WASHINGTON — It won’t be long until U.S. Army units receive hypersonic weapons, long-range missiles and other priority capabilities, and the head of Futures Command is depending on a new process to get it done without delay.

Some of that is due to reconfigured relationships among the acquisition, development and requirements communities through the establishment of the four-star command, which is tasked with driving major modernization priorities to the finish line by the early 2030s.

Army Futures Command is now three years old and has experienced “rocky patches” while working with acquisition officials, Gen. Mike Murray told Defense News. The troubles with the relationship were brought to bear in fall 2019 when the Army’s solicitation for an optionally manned fighting vehicle to replace the Bradley Infantry Fighting Vehicle received only one response.
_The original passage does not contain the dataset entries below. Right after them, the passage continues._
lemma prod_one_plus_div_telescope:
  fixes a :: real
  assumes "0 < a"
  shows "(\<Prod>l<m. 1 + real k / (a + real l)) = pochhammer (a + real m) k / pochhammer a k"
proof (induction m)
  case 0
  show ?case using pochhammer_pos[OF assms, of k] by simp
next
  case (Suc m)
  have pos: "0 < a + real m" using assms by simp
  have "a + real m + real k = (a + real m) * (1 + real k / (a + real m))"
    using pos by (simp add: field_simps)
  then have "pochhammer (a + real m + 1) k = pochhammer (a + real m) k * (1 + real k / (a + real m))"
    using pochhammer_succ_diff[of "a + real m" k] pos by (simp add: field_simps)
  then show ?case
    using Suc by (simp add: ac_simps)
qed

definition weight :: "(nat \<times> nat) multiset \<Rightarrow> nat \<Rightarrow> real" where
  "weight E v = real (outdeg E v) + 1"

lemma weight_add_edge: "weight (add_mset (v, N) E) j = weight E j + indicator {j} v"
  by (simp add: weight_def outdeg_def indicator_def)

lemma sum_outdeg:
  assumes "\<forall>e\<in>#E. fst e < N"
  shows "(\<Sum>v<N. outdeg E v) = size E"
  using assms
proof (induction E)
  case (add e E)
  have "outdeg (add_mset e E) v = outdeg E v + (if fst e = v then 1 else 0)" for v
    by (simp add: outdeg_def)
  with add show ?case
    by (simp add: sum.distrib)
qed (simp add: outdeg_def)

definition parent_urn :: "nat \<Rightarrow> (nat \<times> nat) multiset \<Rightarrow> nat multiset" where
  "parent_urn N E = (\<Sum>v<N. replicate_mset (outdeg E v + 1) v)"

lemma choose_parent_urn: "choose_parent N E = pmf_of_multiset (parent_urn N E)"
  by (simp add: choose_parent_def parent_urn_def)

lemma count_parent_urn: "count (parent_urn N E) j = (if j < N then outdeg E j + 1 else 0)"
  by (simp add: parent_urn_def count_sum del: replicate_mset_Suc)

lemma size_parent_urn:
  assumes "\<forall>e\<in>#E. fst e < N"
  shows "size (parent_urn N E) = N + size E"
  using assms by (simp add: parent_urn_def sum_Suc sum_outdeg)

lemma parent_urn_nonempty: "0 < N \<Longrightarrow> parent_urn N E \<noteq> {#}"
  by (metis count_empty count_parent_urn add_eq_0_iff_both_eq_0 one_neq_zero)

lemma set_pmf_choose_parent: "0 < N \<Longrightarrow> set_pmf (choose_parent N E) = {..<N}"
  by (auto simp: choose_parent_urn parent_urn_nonempty count_parent_urn split: if_splits
      simp flip: count_greater_zero_iff)

lemma pmf_choose_parent:
  assumes "j < N" and "\<forall>e\<in>#E. fst e < N"
  shows "pmf (choose_parent N E) j = weight E j / (real N + real (size E))"
  using assms by (simp add: choose_parent_urn parent_urn_nonempty count_parent_urn size_parent_urn weight_def)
That single bid was disqualified because a physical sample could not be delivered on time. The Army refused to extend the deadline.

But the larger issue at play, as multiple sources conveyed at the time, were the different approaches of the Army acquisition community and Futures Command in handling the lack of participation brought on by the competition’s schedule and requirements.

Sources confirmed that the acquisition side of the house was willing to agree to an extension, but AFC, which in charge of rapid requirements, development and prototyping efforts ahead of programs of record, insisted the Army adhere to the schedule.

It was a reality check for the Army, which eventually reconfigured the OMFV program to include more extensive digital design on the front end, a new schedule and a shorter list of requirements, choosing to instead share with industry a broad set of nine desired characteristics for the new vehicle.

“I’m very comfortable with where the relationship is,” Murray said, “and [the office of the assistant secretary of the Army for acquisition, logistics and technology] ASAALT, they were absolutely involved in the standup of AFC.”

“There are some people out there that said pieces of ASAALT should have been a part of AFC,” Murray added. “I don’t agree with that.

“When you have people looking at things from two different perspectives, I think that tension is good.”

Ambitious weapons schedule

Before AFC existed, the Army’s track record for delivering major weapons systems to troops over several decades was poor.

The process was not set up to deliver developmental materiel, Murray explained, “but getting ASAALT involved at the very beginning, even before we have a requirement, has been critical to, I think, what success we’ve had.”

AFC and ASAALT are in a “supporting-supported relationship,” Murray added. “I think that has been one of the key lessons learned coming out of this. I don’t have the authorities to deliver a single thing. I can’t … get capability in soldiers’ hands without ASAALT. They can do their job without AFC. I would just argue that it’s working better with the partnership than without it.”

New Army Secretary Christine Wormuth acknowledged the tension between the modernization and acquisition organizations, calling them “growing pains” during the Defense News Conference last month. But she stressed the two are now “working well together.”

The law is clear that acquisition authority resides with ASAALT, Wormuth said. And although she is reviewing areas where authorities and responsibilities appear ambiguous, she said there aren’t “a large number of places where there’s ambiguity around that.”

The Army has made progress toward rapidly fielding systems, particularly those centered around soldiers, such as the Enhanced Night Vision-Goggles and early iterations of the Integrated Visual Augmentation Device — a heads-up display providing situational awareness and intelligence to soldiers throughout an operation.

But for fiscal 2023, the Army plans to have some critical weapon systems under development and sent to initial units. For example, the service plans to field a ground-launched hypersonic weapon capability, a Precision Strike Missile, the Extended Range Cannon Artillery system and a mid-range capability missile battery in that fiscal year.

By the time AFC is five years old, Murray said, the Army will have fielded or delivered more than 20 systems to soldiers.

“What can get in the way? A test can get in the way,” Murray said. “It’s not unique to the Army. Most acquisition plans don’t survive contact in terms of schedule, so there are a lot of things that could get in the way.”

But one of the primary purposes of AFC and its partnership with ASAALT is to “try to keep things on track,” he said. And with soldiers involved from the beginning through the newly established soldier-centered design processes, “I think that has helped us accelerate, to be able to say we’re going to deliver materiel within a five-year period.”

Jen Judson is an award-winning journalist covering land warfare for Defense News. She has also worked for Politico and Inside Defense. She holds a Master of Science degree in journalism from Boston University and a Bachelor of Arts degree from Kenyon College.